─── MATERIAL SHOWN

text \<open>
  Besides g_t consider w_0 = 0, w_t = (1 - \<gamma>_t \<lambda>_t) w_(t-1) - \<gamma>_t g_(t-1); by induction
  g_t + f_\<rho> = L_K w_t. Since (L_K g x)^2 \<le> \<kappa>^2 <g, L_K g>_\<rho>, the step-size condition
  \<gamma>_t \<kappa>^2 \<le> 1 - \<gamma>_t \<lambda>_t makes g \<mapsto> (1 - \<gamma>_t \<lambda>_t) g - \<gamma>_t L_K g a contraction by the
  factor 1 - \<gamma>_t \<lambda>_t in L^2(\<rho>_X). Inductively ||g_t||_\<rho> \<le> M and, as \<lambda>_t decreases,
  ||w_t||_\<rho> \<le> M / \<lambda>_t. Hence
  ||g_t + f_\<rho>||_K^2 = <w_t, L_K w_t>_\<rho> \<le> ||w_t||_\<rho> ||g_t + f_\<rho>||_\<rho> \<le> 2 M^2 / \<lambda>_t.

  As H_K is the Moore-Aronszajn completion of finite kernel combinations, L_K w has to be
  exhibited as a limit of such combinations: move the signed measure w \<rho>_X onto the nearest
  of the first n points of a dense sequence in X. Dominated convergence shows that these
  combinations form a Cauchy sequence converging pointwise to L_K w, with squared norms
  tending to <w, L_K w>_\<rho>.
\<close>

section \<open>Finite kernel combinations\<close>

lemma quadratic_nonneg_imp_discriminant_le:
  fixes a b c :: real
  assumes nonneg: "\<And>t. 0 \<le> a + 2 * t * b + t\<^sup>2 * c" and c: "0 \<le> c"
  shows "b\<^sup>2 \<le> a * c"
proof (cases "c = 0")
  case True
  have "b = 0"
  proof (rule ccontr)
    assume "b \<noteq> 0"
    then have "a + 2 * (- (a + 1) / (2 * b)) * b = -1" by (simp add: field_simps)
    then show False using nonneg[of "- (a + 1) / (2 * b)"] True by simp
  qed
  then show ?thesis using nonneg[of 0] True by simp
next
  case False
  then have "0 < c" using c by simp
  have "a + 2 * (- b / c) * b + (- b / c)\<^sup>2 * c = a - b\<^sup>2 / c"
    using \<open>0 < c\<close> by (simp add: field_simps power2_eq_square)
  then have "b\<^sup>2 / c \<le> a" using nonneg[of "- b / c"] by simp
  then show ?thesis using \<open>0 < c\<close> by (simp add: pos_divide_le_eq mult.commute)
qed

lemma tendsto_sum_list:
  fixes f :: "nat \<Rightarrow> 'b \<Rightarrow> real"
  assumes "\<And>x. x \<in> set xs \<Longrightarrow> (\<lambda>n. f n x) \<longlonglongrightarrow> l x"
  shows "(\<lambda>n. \<Sum>x\<leftarrow>xs. f n x) \<longlonglongrightarrow> (\<Sum>x\<leftarrow>xs. l x)"
  using assms by (induction xs) (auto intro!: tendsto_add)

definition kcomb_inner :: "('a \<Rightarrow> 'a \<Rightarrow> real) \<Rightarrow> (real \<times> 'a) list \<Rightarrow> (real \<times> 'a) list \<Rightarrow> real" where
  "kcomb_inner K A C = (\<Sum>(c,u)\<leftarrow>A. \<Sum>(d,w)\<leftarrow>C. c * d * K u w)"

definition kcomb_norm :: "('a \<Rightarrow> 'a \<Rightarrow> real) \<Rightarrow> (real \<times> 'a) list \<Rightarrow> real" where
  "kcomb_norm K A = sqrt (kcomb_sq K A)"

definition kcomb_scale :: "real \<Rightarrow> (real \<times> 'a) list \<Rightarrow> (real \<times> 'a) list" where
  "kcomb_scale t A = map (\<lambda>(c,u). (t * c, u)) A"

lemma kcomb_sq_eq_inner: "kcomb_sq K A = kcomb_inner K A A"
  by (simp add: kcomb_sq_def kcomb_inner_def)

lemma kcomb_inner_append_left: "kcomb_inner K (A @ B) C = kcomb_inner K A C + kcomb_inner K B C"
  by (simp add: kcomb_inner_def)

lemma kcomb_inner_append_right: "kcomb_inner K A (B @ C) = kcomb_inner K A B + kcomb_inner K A C"
  by (simp add: kcomb_inner_def case_prod_unfold sum_list_addf)

lemma kcomb_inner_neg_left: "kcomb_inner K (kcomb_neg A) C = - kcomb_inner K A C"
  by (simp add: kcomb_inner_def kcomb_neg_def case_prod_unfold uminus_sum_list_map o_def)

lemma kcomb_inner_neg_right: "kcomb_inner K A (kcomb_neg C) = - kcomb_inner K A C"
  by (simp add: kcomb_inner_def kcomb_neg_def case_prod_unfold uminus_sum_list_map o_def)

lemma kcomb_inner_scale_left: "kcomb_inner K (kcomb_scale t A) C = t * kcomb_inner K A C"
  by (induction A) (auto simp: kcomb_inner_def kcomb_scale_def case_prod_unfold sum_list_const_mult algebra_simps)

lemma kcomb_inner_scale_right: "kcomb_inner K A (kcomb_scale t C) = t * kcomb_inner K A C"
proof -
  have "(\<Sum>x\<leftarrow>kcomb_scale t C. c * fst x * K u (snd x)) = t * (\<Sum>x\<leftarrow>C. c * fst x * K u (snd x))" for c u
    by (induction C) (auto simp: kcomb_scale_def algebra_simps)
  then show ?thesis
    by (induction A) (auto simp: kcomb_inner_def case_prod_unfold algebra_simps)
qed

lemma kcomb_inner_swap_sums: "kcomb_inner K A C = (\<Sum>(d,w)\<leftarrow>C. \<Sum>(c,u)\<leftarrow>A. c * d * K u w)"
  by (induction A) (simp_all add: kcomb_inner_def case_prod_unfold sum_list_addf)

lemma kcomb_inner_eq_sum_kcomb_fun: "kcomb_inner K A C = (\<Sum>(d,w)\<leftarrow>C. d * kcomb_fun K A w)"
  unfolding kcomb_inner_swap_sums kcomb_fun_def
  by (simp add: case_prod_unfold sum_list_const_mult[symmetric] algebra_simps)

lemma kcomb_sq_diff:
  "kcomb_sq K (A @ kcomb_neg C) = kcomb_inner K A A - kcomb_inner K A C - kcomb_inner K C A + kcomb_inner K C C"
  by (simp add: kcomb_sq_eq_inner kcomb_inner_append_left kcomb_inner_append_right
      kcomb_inner_neg_left kcomb_inner_neg_right)

lemma kcomb_neg_neg [simp]: "kcomb_neg (kcomb_neg A) = A"
  by (induction A) (auto simp: kcomb_neg_def)

lemma kcomb_norm_neg: "kcomb_norm K (kcomb_neg A) = kcomb_norm K A"
  by (simp add: kcomb_norm_def kcomb_sq_eq_inner kcomb_inner_neg_left kcomb_inner_neg_right)

lemma kcomb_norm_diff_commute: "kcomb_norm K (C @ kcomb_neg A) = kcomb_norm K (A @ kcomb_neg C)"
  by (simp add: kcomb_norm_def kcomb_sq_diff)

lemma kcomb_norm_diff_add_cancel: "kcomb_norm K (A @ kcomb_neg C @ C) = kcomb_norm K A"
  by (simp add: kcomb_norm_def kcomb_sq_eq_inner kcomb_inner_append_left kcomb_inner_append_right
      kcomb_inner_neg_left kcomb_inner_neg_right)

lemma kcomb_fun_append: "kcomb_fun K (A @ B) x = kcomb_fun K A x + kcomb_fun K B x"
  by (simp add: kcomb_fun_def)

lemma kcomb_fun_neg: "kcomb_fun K (kcomb_neg A) x = - kcomb_fun K A x"
  by (induction A) (auto simp: kcomb_fun_def kcomb_neg_def)

lemma centers_kcomb_scale [simp]: "snd ` set (kcomb_scale t A) = snd ` set A"
  by (force simp: kcomb_scale_def case_prod_unfold image_iff)

lemma centers_kcomb_neg [simp]: "snd ` set (kcomb_neg A) = snd ` set A"
  by (force simp: kcomb_neg_def case_prod_unfold image_iff)

lemma kcomb_inner_tendsto_zero:
  assumes "\<And>w. w \<in> snd ` set B \<Longrightarrow> (\<lambda>n. kcomb_fun K (D n) w) \<longlonglongrightarrow> 0"
  shows "(\<lambda>n. kcomb_inner K (D n) B) \<longlonglongrightarrow> 0"
proof -
  have "(\<lambda>n. \<Sum>x\<leftarrow>B. fst x * kcomb_fun K (D n) (snd x)) \<longlonglongrightarrow> (\<Sum>x\<leftarrow>B. fst x * 0)"
    using assms by (intro tendsto_sum_list tendsto_mult tendsto_const) auto
  then show ?thesis by (simp add: kcomb_inner_eq_sum_kcomb_fun case_prod_unfold)
qed

locale psd_kernel =
  fixes K :: "'a \<Rightarrow> 'a \<Rightarrow> real" and X :: "'a set"
  assumes K_sym: "\<And>x y. x \<in> X \<Longrightarrow> y \<in> X \<Longrightarrow> K x y = K y x"
    and K_psd: "\<And>cs. snd ` set cs \<subseteq> X \<Longrightarrow> 0 \<le> kcomb_sq K cs"
begin

lemma kcomb_inner_commute:
  assumes A: "snd ` set A \<subseteq> X" and C: "snd ` set C \<subseteq> X"
  shows "kcomb_inner K A C = kcomb_inner K C A"
proof -
  have "(\<Sum>(c,u)\<leftarrow>A. c * d * K u w) = (\<Sum>(c,u)\<leftarrow>A. d * c * K w u)" if "(d, w) \<in> set C" for d w
  proof (intro arg_cong[where f=sum_list] map_cong refl, clarify)
    fix c u assume "(c, u) \<in> set A"
    then show "c * d * K u w = d * c * K w u"
      using that A C by (force intro: K_sym simp: image_iff)
  qed
  then have "(\<Sum>(d,w)\<leftarrow>C. \<Sum>(c,u)\<leftarrow>A. c * d * K u w) = (\<Sum>(d,w)\<leftarrow>C. \<Sum>(c,u)\<leftarrow>A. d * c * K w u)"
    by (intro arg_cong[where f=sum_list] map_cong refl) auto
  also have "\<dots> = kcomb_inner K C A" by (simp only: kcomb_inner_def)
  finally show ?thesis by (simp only: kcomb_inner_swap_sums)
qed

lemma kcomb_inner_self_nonneg: "snd ` set A \<subseteq> X \<Longrightarrow> 0 \<le> kcomb_inner K A A"
  using K_psd by (simp add: kcomb_sq_eq_inner)

lemma kcomb_norm_sq: "snd ` set A \<subseteq> X \<Longrightarrow> (kcomb_norm K A)\<^sup>2 = kcomb_inner K A A"
  using kcomb_inner_self_nonneg by (simp add: kcomb_norm_def kcomb_sq_eq_inner)

lemma kcomb_norm_nonneg: "snd ` set A \<subseteq> X \<Longrightarrow> 0 \<le> kcomb_norm K A"
  using K_psd by (simp add: kcomb_norm_def)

──────

HOW TO COMPLETE THIS TASK
Using the data above, reproduce exactly the lines between those holding "by (induction A) (auto simp: kcomb_inner_def kcomb_scale_def" and "by (induction A) (auto simp: kcomb_neg_def)", inclusive, and no others.

SOLUTION TO THE PROBLEM
  by (induction A) (auto simp: kcomb_inner_def kcomb_scale_def case_prod_unfold sum_list_const_mult algebra_simps)

lemma kcomb_inner_scale_right: "kcomb_inner K A (kcomb_scale t C) = t * kcomb_inner K A C"
proof -
  have "(\<Sum>x\<leftarrow>kcomb_scale t C. c * fst x * K u (snd x)) = t * (\<Sum>x\<leftarrow>C. c * fst x * K u (snd x))" for c u
    by (induction C) (auto simp: kcomb_scale_def algebra_simps)
  then show ?thesis
    by (induction A) (auto simp: kcomb_inner_def case_prod_unfold algebra_simps)
qed

lemma kcomb_inner_swap_sums: "kcomb_inner K A C = (\<Sum>(d,w)\<leftarrow>C. \<Sum>(c,u)\<leftarrow>A. c * d * K u w)"
  by (induction A) (simp_all add: kcomb_inner_def case_prod_unfold sum_list_addf)

lemma kcomb_inner_eq_sum_kcomb_fun: "kcomb_inner K A C = (\<Sum>(d,w)\<leftarrow>C. d * kcomb_fun K A w)"
  unfolding kcomb_inner_swap_sums kcomb_fun_def
  by (simp add: case_prod_unfold sum_list_const_mult[symmetric] algebra_simps)

lemma kcomb_sq_diff:
  "kcomb_sq K (A @ kcomb_neg C) = kcomb_inner K A A - kcomb_inner K A C - kcomb_inner K C A + kcomb_inner K C C"
  by (simp add: kcomb_sq_eq_inner kcomb_inner_append_left kcomb_inner_append_right
      kcomb_inner_neg_left kcomb_inner_neg_right)

lemma kcomb_neg_neg [simp]: "kcomb_neg (kcomb_neg A) = A"
  by (induction A) (auto simp: kcomb_neg_def)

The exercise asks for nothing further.